Calculate change in predicted response over diversity gradient
gradient_change_data.Rd
Helper function for creating the data to visualise a scatter-plot of the
response over a diversity gradient. The "richness" and "evenness"
diversity gradients are currently supported. The average (predicted) response
is calculated from all communities present at a given level of the
chosen diversity gradient in `data`. The output of this
function can be passed to the gradient_change_plot
function
to visualise results.
Arguments
- data
A data-frame consisting of variable proportions and any other necessary variables to make predictions from `model` or `coefficients`.
- prop
A vector identifying the column-names or indices of the columns containing the variable proportions in `data`.
- add_var
A list specifying values for additional predictor variables in the model independent of the compositional predictor variables.

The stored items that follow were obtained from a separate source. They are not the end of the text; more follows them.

lemma proj_unique:
  assumes "b \<in> B" "a - b \<in> S"
  shows "proj a = b"
proof -
  have "b - proj a \<in> B"
    using assms(1) proj_mem subring unfolding subring_of_def by (metis diff_conv_add_uminus)
  moreover have "b - proj a = (a - proj a) - (a - b)" by simp
  then have "b - proj a \<in> S"
    using assms(2) diff_proj_mem add_subgroup_diff[OF S_subgroup] by metis
  ultimately have "b - proj a = 0" using B_inter_S by blast
  then show ?thesis by simp
qed

lemma proj_B: "b \<in> B \<Longrightarrow> proj b = b"
  using proj_unique[of b b] S_subgroup by (simp add: add_subgroup_def)

lemma proj_one [simp]: "proj 1 = 1"
  using proj_B subring by (simp add: subring_of_def)

lemma proj_add: "proj (x + y) = proj x + proj y"
proof (rule proj_unique)
  show "proj x + proj y \<in> B" using proj_mem subring by (simp add: subring_of_def)
  have "x + y - (proj x + proj y) = (x - proj x) + (y - proj y)" by simp
  then show "x + y - (proj x + proj y) \<in> S"
    using diff_proj_mem[of x] diff_proj_mem[of y] S_subgroup unfolding add_subgroup_def by metis
qed

lemma S_mult_proj: "s \<in> S \<Longrightarrow> s * proj x = s * x"
  using S_square_zero diff_proj_mem[of x] by (metis right_diff_distrib eq_iff_diff_eq_0)

text \<open>\<open>S\<close> is an ideal of \<open>A\<close> with \<open>S\<^sup>2 = 0\<close>, so the projection \<open>A \<rightarrow> B\<close> is multiplicative.\<close>
lemma proj_mult: "proj (x * y) = proj x * proj y"
proof (rule proj_unique)
  show "proj x * proj y \<in> B" using proj_mem subring by (simp add: subring_of_def)
  have "(x - proj x) * y = (x - proj x) * proj y"
    using S_mult_proj[OF diff_proj_mem] by simp
  then have "(x - proj x) * y \<in> S" and "proj x * (y - proj y) \<in> S"
    using B_S_closed proj_mem diff_proj_mem by auto
  moreover have "x * y - proj x * proj y = (x - proj x) * y + proj x * (y - proj y)"
    by (simp add: algebra_simps)
  ultimately show "x * y - proj x * proj y \<in> S"
    using S_subgroup by (simp add: add_subgroup_def)
qed

end

lemma morita_module_represents:
  "morita_module R R' C l r \<Longrightarrow> llin R C l C l f \<Longrightarrow> \<exists>a'\<in>R'. \<forall>x\<in>C. f x = r x a'"
  unfolding morita_module_def by blast

lemma morita_module_faithful:
  assumes M: "morita_module R R' C l r" and "0 \<in> R'" "a' \<in> R'" "\<forall>x\<in>C. r x a' = 0"
  shows "a' = 0"
proof -
  have "l a 0 = 0" if "a \<in> R" for a
    using M that unfolding morita_module_def bimod_def lmod_def add_subgroup_def
    by (metis add_cancel_right_right add_0)
  then have "llin R C l C l (\<lambda>_. 0)"
    using M unfolding morita_module_def bimod_def lmod_def llin_def add_subgroup_def by auto
  then have "\<exists>!a'. a' \<in> R' \<and> (\<forall>x\<in>C. 0 = r x a')"
    using M unfolding morita_module_def by blast
  moreover have "\<forall>x\<in>C. r x 0 = 0"
    using M \<open>0 \<in> R'\<close> unfolding morita_module_def bimod_def rmod_def
    by (metis add_cancel_right_right add_0)
  ultimately show ?thesis using assms(3,4) \<open>0 \<in> R'\<close> by (metis (no_types, lifting))
qed

locale morita_trivial_ext = trivial_ext_decomp B S
  for B S :: "'a::ring_1 set" +
  fixes B' :: "'c::ring_1 set"
    and CM :: "'m::ab_group_add set" and lM :: "'a \<Rightarrow> 'm \<Rightarrow> 'm" and rM :: "'m \<Rightarrow> 'c \<Rightarrow> 'm"
    and CN :: "'n::ab_group_add set" and lN :: "'a \<Rightarrow> 'n \<Rightarrow> 'n" and rN :: "'n \<Rightarrow> 'c \<Rightarrow> 'n"
    and \<phi> :: "'a \<Rightarrow> 'n \<Rightarrow> 'm"
  assumes subring': "subring_of B'"
    and M_morita: "morita_module (UNIV :: 'a set) (UNIV :: 'c set) CM lM rM"
    and N_morita: "morita_module B B' CN lN rN"
    and phi_closed: "\<forall>x. \<forall>n\<in>CN. \<phi> x n \<in> CM"
    and phi_balanced: "balanced_map B CN lN \<phi>"
    and phi_left: "\<forall>a x. \<forall>n\<in>CN. \<phi> (a * x) n = lM a (\<phi> x n)"
    and phi_right: "\<forall>x. \<forall>n\<in>CN. \<forall>b'\<in>B'. \<phi> x (rN n b') = rM (\<phi> x n) b'"
    and phi_generates: "\<forall>m\<in>CM. \<exists>c. Poly_Mapping.keys c \<subseteq> UNIV \<times> CN \<and> tensor_ind \<phi> c = m"
    and phi_kernel: "\<forall>c. Poly_Mapping.keys c \<subseteq> UNIV \<times> CN \<and> tensor_ind \<phi> c = 0
       \<longrightarrow> c \<in> tensor_rels B CN lN"
begin

lemma CM_subgroup: "add_subgroup CM"
  and lM_closed [simp]: "m \<in> CM \<Longrightarrow> lM a m \<in> CM"
  and lM_add: "m \<in> CM \<Longrightarrow> m' \<in> CM \<Longrightarrow> lM a (m + m') = lM a m + lM a m'"
  and lM_add_left: "m \<in> CM \<Longrightarrow> lM (a + a2) m = lM a m + lM a2 m"
  and rM_closed [simp]: "m \<in> CM \<Longrightarrow> rM m a' \<in> CM"
  and rM_add: "m \<in> CM \<Longrightarrow> m' \<in> CM \<Longrightarrow> rM (m + m') a' = rM m a' + rM m' a'"
  and rM_add_right: "m \<in> CM \<Longrightarrow> rM m (a' + b') = rM m a' + rM m b'"
  and rM_mult: "m \<in> CM \<Longrightarrow> rM m (a' * b') = rM (rM m a') b'"
  and lM_rM_commute: "m \<in> CM \<Longrightarrow> lM a (rM m a') = rM (lM a m) a'"
  using M_morita unfolding morita_module_def bimod_def lmod_def rmod_def by auto

lemma CN_subgroup: "add_subgroup CN"
  and lN_closed [simp]: "b \<in> B \<Longrightarrow> n \<in> CN \<Longrightarrow> lN b n \<in> CN"
  and lN_add: "b \<in> B \<Longrightarrow> n \<in> CN \<Longrightarrow> n' \<in> CN \<Longrightarrow> lN b (n + n') = lN b n + lN b n'"
  and lN_add_left: "b \<in> B \<Longrightarrow> b2 \<in> B \<Longrightarrow> n \<in> CN \<Longrightarrow> lN (b + b2) n = lN b n + lN b2 n"
  and lN_mult: "b \<in> B \<Longrightarrow> b2 \<in> B \<Longrightarrow> n \<in> CN \<Longrightarrow> lN (b * b2) n = lN b (lN b2 n)"
  and lN_one [simp]: "n \<in> CN \<Longrightarrow> lN 1 n = n"
  and rN_closed [simp]: "b' \<in> B' \<Longrightarrow> n \<in> CN \<Longrightarrow> rN n b' \<in> CN"
  and rN_add: "b' \<in> B' \<Longrightarrow> n \<in> CN \<Longrightarrow> n' \<in> CN \<Longrightarrow> rN (n + n') b' = rN n b' + rN n' b'"
  and lN_rN_commute: "b \<in> B \<Longrightarrow> b' \<in> B' \<Longrightarrow> n \<in> CN \<Longrightarrow> lN b (rN n b') = rN (lN b n) b'"
  using N_morita unfolding morita_module_def bimod_def lmod_def rmod_def by auto

lemma phi_mem [simp]: "n \<in> CN \<Longrightarrow> \<phi> x n \<in> CM"
  using phi_closed by blast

This could be useful for comparing the predictions across different values for a non-compositional variable. If specified as a list, it will be expanded to show a plot for each unique combination of values specified, while if specified as a data-frame, one plot would be generated for each row in the data and they will be arranged in a grid according to the value specified in `nrow` and `ncol`.
- gradient
Diversity gradient to show on the X-axis, one of "richness" or "evenness". Defaults to "richness". See `Details` for more information.
- prediction
A logical value indicating whether to pass the final data to the `add_prediction` function and append the predictions to the data. Default value is TRUE, but often it would be desirable to make additional changes to the data before making any predictions, so the user can set this to FALSE and manually call the `add_prediction` function.
- ...
Arguments passed on to
add_prediction
model
A regression model object which will be used to make predictions for the observations in `data`. Will override `coefficients` if specified.
coefficients
If a regression model is not available (or can't be fit in R), the regression coefficients from a model fit in some other language can be used to calculate predictions. However, the user would have to ensure there's an appropriate one-to-one positional mapping between the data columns and the coefficient values. Further, they would also have to provide a variance-covariance matrix of the coefficients in the `vcov` parameter if they want the associated CI for the prediction or it would not be possible to calculate confidence/prediction intervals using this method.
vcov
If regression coefficients are specified, then the variance-covariance matrix of the coefficients can be specified here to calculate the associated confidence interval around each prediction. Failure to do so would result in no confidence intervals being returned. Ensure `coefficients` and `vcov` have the same positional mapping with the data.
coeff_cols
If `coefficients` are specified and a one-to-one positional mapping between the data-columns and coefficient vector is not present. A character string or numeric index can be specified here to reorder the data columns and match the corresponding coefficient value to the respective data column. See the "Use model coefficients for prediction" section in examples.
conf.level
The confidence level for calculating confidence/prediction intervals. Default is 0.95.
interval
Type of interval to calculate:
- "none" (default)
No interval to be calculated.
- "confidence"
Calculate a confidence interval.
- "prediction"
Calculate a prediction interval.
Value
The data-frame with the following columns appended at the end
- .Richness
The richness (number of non-zero compositional variables) within each observation.
- .Evenness
The evenness (metric quantifying the relative abundance of each compositional variable) within each observation.
- .Gradient
An character string defining the diversity gradient used for averaging the response.
- .add_str_ID
An identifier column for grouping the cartesian product of all additional columns specified in `add_var` parameter (if `add_var` is specified).
- .Pred
The predicted response for each obsvervation.
- .Lower
The lower limit of the prediction/confidence interval for each observation.
- .Upper
The upper limit of the prediction/confidence interval for each observation.
- .Avg
The averaged value of the predicted response for each unique value of the selected diversity gradient.
Details
Currently two diversity gradients are supported
Richness: A metric describing the number of non-zero compositional variables in an observation.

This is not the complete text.